Notes on Form at 032c Workshop
On an idea level Nu Painting is not innovative or news-worthy. Artist groups like Poster Company and PaintFx have exhausted the novelty of the gesture. The pseudoawkward abstract digital painting that reflects on its own failure to simulate (/ is nostalgic and knowing in its failure) has been introduced as a possible move years ago and has led to a dead end. To continue executing this move might be questionable and unoriginal.
I’m interested in how this treaded practice could be linked to a biography. It doesn’t make sense with the other work that I’m doing. There are several artists inhabiting the same biological person. One of the artists wants to be a careless/carefree bro that produces desireable objects for fairs. Some of the other artists would oppose. I toggle between several playing styles. Sometimes I’m a moralist. Then I drop my Samsung Galaxy S4 into a toilet at the club and wish I had more resources and more fun.
Lately I’ve been trying to judge less and observe more. In the best cases making is a form of observation. Making the Nu Paintings feels very internal, it’s close to me. I was bed-ridden when I started. I was afraid of death and craved gloss and color. Screen-glow at 4 am.
From the outside the paintings look like a calculated move, an unthinking and unfeeling one. How to match the internal to the external? How to be genuine and to also be understood as that? It feels good to be late to the game and to be a plagiarist. It feels good when people come to a show and express disappointment, if only in body language. They expected more of me. In their minds I had potential.
There are three blocks of ice cream in the vitrine. Synthetic dreadlocks in bright colors support the melting blobs. This matches the viewers’ sense of deflation. I feel free, the radar is off me again. I’m not a critical thinker. I’m not a “good artist”.
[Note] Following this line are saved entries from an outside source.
(* Let $n\ge2$, $1\le p\le n-1$, and let $\pi\in S_n$ be a $p$-resultant permutation such that $\pi^{\text{left}}$ has $i$ left-to-right maxima and $\pi^{\text{right}}$ has $j$ right-to-left minima. Then the number of configurations in $\mathcal{S}(n-1,p)$ that topple to $\pi$ is $\tfrac12 B_{i,j}$.
   Context: For $m\ge1$, $1\le p\le m$: sites are $0,\dots,m+1$; a configuration in $\mathcal{S}(m,p)$ places $m+1$ distinct chips labeled $1,\dots,m+1$ with sites $0,m+1$ empty, one chip at each site of $\{1,\dots,m\}\setminus\{p\}$ and two chips at site $p$. Toppling: while some site holds at least two chips, choose such a site $i$ and two chips $\alpha<\beta$ there and move $\alpha$ to $i-1$, $\beta$ to $i+1$. It is known this terminates with at most one chip per site and the final configuration is independent of the choices; reading labels left to right gives a permutation in $S_{m+1}$ to which the configuration topples. $\pi\in S_n$ is $p$-resultant if some configuration in $\mathcal{S}(n-1,p)$ topples to it; then $\pi^{\text{left}}=(\pi_1,\dots,\pi_{n-p})$ is a permutation of $[n-p]$ and $\pi^{\text{right}}=(\pi_{n-p+1},\dots,\pi_n)$ a permutation of $\{n-p+1,\dots,n\}$. Left-to-right maximum of $a_1\cdots a_k$: an entry $a_j=\max\{a_1,\dots,a_j\}$; right-to-left minimum: an entry $a_j=\min\{a_j,\dots,a_k\}$. Poly-Bernoulli numbers of type B: $\sum_{n\ge0}B_{n,k}\frac{x^n}{n!}=\frac{\mathrm{Li}_{-k}(1-e^{-x})}{1-e^{-x}}$ with $\mathrm{Li}_s(z)=\sum_{i\ge1}z^i/i^s$; equivalently $B_{n,k}=\sum_{m=0}^{\min(n,k)}(m!)^2\left\{{n+1\atop m+1}\right\}\left\{{k+1\atop m+1}\right\}$. *)

theory Defs
  imports Complex_Main "HOL-Combinatorics.Stirling" "HOL-Library.Multiset"
begin

text \<open>A labeled chip configuration with chips 1..m+1 is a list xs of length m+1 of
  integer sites: chip a sits at site xs ! (a - 1).\<close>

definition config_S :: "nat \<Rightarrow> nat \<Rightarrow> int list set" where
  "config_S m p = {xs. length xs = m + 1 \<and>
     (\<forall>s::int. card {a. a < m + 1 \<and> xs ! a = s} =
        (if s = int p then 2 else if 1 \<le> s \<and> s \<le> int m then 1 else 0))}"

definition topple_step :: "int list \<Rightarrow> int list \<Rightarrow> bool" where
  "topple_step xs ys \<longleftrightarrow> (\<exists>\<alpha> \<beta>. \<alpha> < \<beta> \<and> \<beta> < length xs \<and> xs ! \<alpha> = xs ! \<beta> \<and>
      ys = xs[\<alpha> := xs ! \<alpha> - 1, \<beta> := xs ! \<beta> + 1])"

definition stable_config :: "int list \<Rightarrow> bool" where
  "stable_config xs \<longleftrightarrow> distinct xs"

definition read_perm :: "int list \<Rightarrow> nat list" where
  "read_perm xs = sort_key (\<lambda>a. xs ! (a - 1)) [1..<length xs + 1]"

definition topples_to :: "int list \<Rightarrow> nat list \<Rightarrow> bool" where
  "topples_to xs \<pi> \<longleftrightarrow> (\<exists>ys. topple_step\<^sup>*\<^sup>* xs ys \<and> stable_config ys \<and> read_perm ys = \<pi>)"

definition is_perm :: "nat \<Rightarrow> nat list \<Rightarrow> bool" where
  "is_perm n \<pi> \<longleftrightarrow> mset \<pi> = mset [1..<n + 1]"

definition p_resultant :: "nat \<Rightarrow> nat \<Rightarrow> nat list \<Rightarrow> bool" where
  "p_resultant n p \<pi> \<longleftrightarrow> (\<exists>xs \<in> config_S (n - 1) p. topples_to xs \<pi>)"

definition ltr_maxima :: "nat list \<Rightarrow> nat" where
  "ltr_maxima xs = card {k. k < length xs \<and> xs ! k = Max (set (take (k + 1) xs))}"

definition rtl_minima :: "nat list \<Rightarrow> nat" where
  "rtl_minima xs = card {k. k < length xs \<and> xs ! k = Min (set (drop k xs))}"

definition poly_bernoulli_B :: "nat \<Rightarrow> nat \<Rightarrow> nat" where
  "poly_bernoulli_B n k = (\<Sum>m = 0..min n k.
      (fact m)^2 * Stirling (n + 1) (m + 1) * Stirling (k + 1) (m + 1))"

end

theory Submission
  imports Defs "HOL-Library.Confluence" "HOL-Combinatorics.Multiset_Permutations"
begin

text \<open>Write \<open>w\<close> for the word obtained by reading a configuration in \<open>config_S (n - 1) p\<close> from left
  to right. Toppling is confluent on these configurations, and it acts on \<open>w\<close> like a sorting
  network: the chips on the sites \<open>1, \<dots>, p\<close>, from right to left, each travel through the
  chips to their right, and whenever two chips meet the smaller label stays behind. Hence the
  resulting permutation is a function of \<open>w\<close> alone. The words coming from configurations are
  exactly those in which the two chips on site \<open>p\<close> appear in increasing order; swapping them
  does not change the outcome, which accounts for the factor \<open>1/2\<close>. The words whose outcome has
  left part \<open>L\<close> and right part \<open>R\<close> are counted by peeling off the first letter of \<open>R\<close>: undoing
  one pass of a chip through \<open>L\<close> gives, for each \<open>k < i\<close>, \<open>i choose k\<close> lists with \<open>k + 1\<close>
  left-to-right maxima, besides \<open>L\<close> itself. This is the recurrence
  \<open>B(i, j + 1) = B(i, j) + \<Sum>k<i. (i choose k) B(k + 1, j)\<close> of the poly-Bernoulli numbers.\<close>

section \<open>Poly-Bernoulli numbers\<close>

lemma sum_binomial_Suc:
  fixes G :: "nat \<Rightarrow> 'a::comm_semiring_1"
  shows "(\<Sum>k<Suc i. of_nat (Suc i choose k) * G k) =
    (\<Sum>k<i. of_nat (i choose k) * G (Suc k)) + (\<Sum>k<i. of_nat (i choose k) * G k) + G i"
proof -
  have "(\<Sum>k<Suc i. of_nat (Suc i choose k) * G k) = G 0 + (\<Sum>k<i. of_nat (Suc i choose Suc k) * G (Suc k))"
    by (subst sum.lessThan_Suc_shift) simp
  also have "\<dots> = G 0 + (\<Sum>k<i. of_nat (i choose Suc k) * G (Suc k)) + (\<Sum>k<i. of_nat (i choose k) * G (Suc k))"
    by (simp add: sum.distrib algebra_simps)
  also have "G 0 + (\<Sum>k<i. of_nat (i choose Suc k) * G (Suc k)) = (\<Sum>k<Suc i. of_nat (i choose k) * G k)"
    by (subst sum.lessThan_Suc_shift) simp
  finally show ?thesis by (simp add: algebra_simps)
qed

lemma sum_binomial_Stirling:
  "(\<Sum>k<i. (i choose k) * Stirling (Suc (Suc k)) (Suc m)) =
    m * Stirling (Suc i) (Suc m) + (Suc m)^2 * Stirling (Suc i) (Suc (Suc m))"
proof (induction i arbitrary: m)
  case 0
  show ?case by (cases m) simp_all
next
  case (Suc i)
  let ?T = "\<lambda>m. \<Sum>k<i. (i choose k) * Stirling (Suc (Suc k)) m"
  define a b c where "a = Stirling (Suc i) m" and "b = Stirling (Suc i) (Suc m)"
    and "c = Stirling (Suc i) (Suc (Suc m))"
  have Sb: "Stirling (Suc (Suc i)) (Suc m) = Suc m * b + a"
    and Sc: "Stirling (Suc (Suc i)) (Suc (Suc m)) = Suc (Suc m) * c + b"
    unfolding a_def b_def c_def by (rule Stirling.simps(4))+
  have "(\<Sum>k<Suc i. (Suc i choose k) * Stirling (Suc (Suc k)) (Suc m)) =
      (\<Sum>k<i. (i choose k) * Stirling (Suc (Suc (Suc k))) (Suc m)) + ?T (Suc m) + Stirling (Suc (Suc i)) (Suc m)"
    using sum_binomial_Suc[of i "\<lambda>k. Stirling (Suc (Suc k)) (Suc m)"] by simp
  also have "(\<Sum>k<i. (i choose k) * Stirling (Suc (Suc (Suc k))) (Suc m)) = Suc m * ?T (Suc m) + ?T m"
    by (simp only: Stirling.simps(4) sum.distrib sum_distrib_left algebra_simps)
  also have "?T (Suc m) = m * b + (Suc m)^2 * c"
    unfolding b_def c_def by (rule Suc.IH)
  finally have lhs: "(\<Sum>k<Suc i. (Suc i choose k) * Stirling (Suc (Suc k)) (Suc m)) =
      Suc (Suc m) * (m * b + (Suc m)^2 * c) + (?T m + a) + Suc m * b"
    unfolding Sb by (simp add: algebra_simps)
  have "?T m + a = m * a + m^2 * b"
    using Suc.IH[of "m - 1"] unfolding a_def b_def by (cases m) (simp_all add: algebra_simps)
  then show ?case
    unfolding lhs Sb Sc by (simp del: Stirling.simps add: power2_eq_square algebra_simps)
qed

definition fact_Stirling :: "nat \<Rightarrow> nat \<Rightarrow> nat" where
  "fact_Stirling i m = fact m * Stirling (Suc i) (Suc m)"

lemma fact_Stirling_eq_0: "i < m \<Longrightarrow> fact_Stirling i m = 0"
  by (simp add: fact_Stirling_def)

lemma fact_Stirling_Suc_left:
  "fact_Stirling (Suc j) m = Suc m * fact_Stirling j m + (if m = 0 then 0 else m * fact_Stirling j (m - 1))"
  by (cases m) (simp_all add: fact_Stirling_def algebra_simps)

lemma sum_binomial_fact_Stirling:
  "(\<Sum>k<i. (i choose k) * fact_Stirling (Suc k) m) =
    m * fact_Stirling i m + Suc m * fact_Stirling i (Suc m)"
proof -
  have "(\<Sum>k<i. (i choose k) * fact_Stirling (Suc k) m) =
      fact m * (\<Sum>k<i. (i choose k) * Stirling (Suc (Suc k)) (Suc m))"
    by (simp del: Stirling.simps add: fact_Stirling_def sum_distrib_left algebra_simps)
  then show ?thesis
    by (simp del: Stirling.simps add: sum_binomial_Stirling fact_Stirling_def power2_eq_square algebra_simps)
qed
I started writing about how I want to explore physical materials colliding with the virtual, what happens to a file when it’s printed and exhibited in the gallery space, but I’m not actually interested in that at all, not in those bla bla bla terms. I want to make objects that are compelling. It hardly matters how I get there. I want things that have aura, prints that are beings. I want to: Get money / fuck bitches.
Post Internet (or whatever the label would be) is not interesting on a conceptual level. Documents being manipulated and distributed, circulation is hardly a concept, to point that out is not new. What’s interesting is the shady, flimsy part: visual tropes that travel as memes. The mimicry, the ripping off, the style, in the knowing-who-you-are-and-not-giving-a-damn sense. Or maybe it’s not-knowing-who-you-are-and-being-desperate-to-please, that’s interesting too. It’s about data organized in a satisfying manner. I think Beckett said something about beauty being all in the form, probably a lot of people said that. Things that look good are good. All images have the same value.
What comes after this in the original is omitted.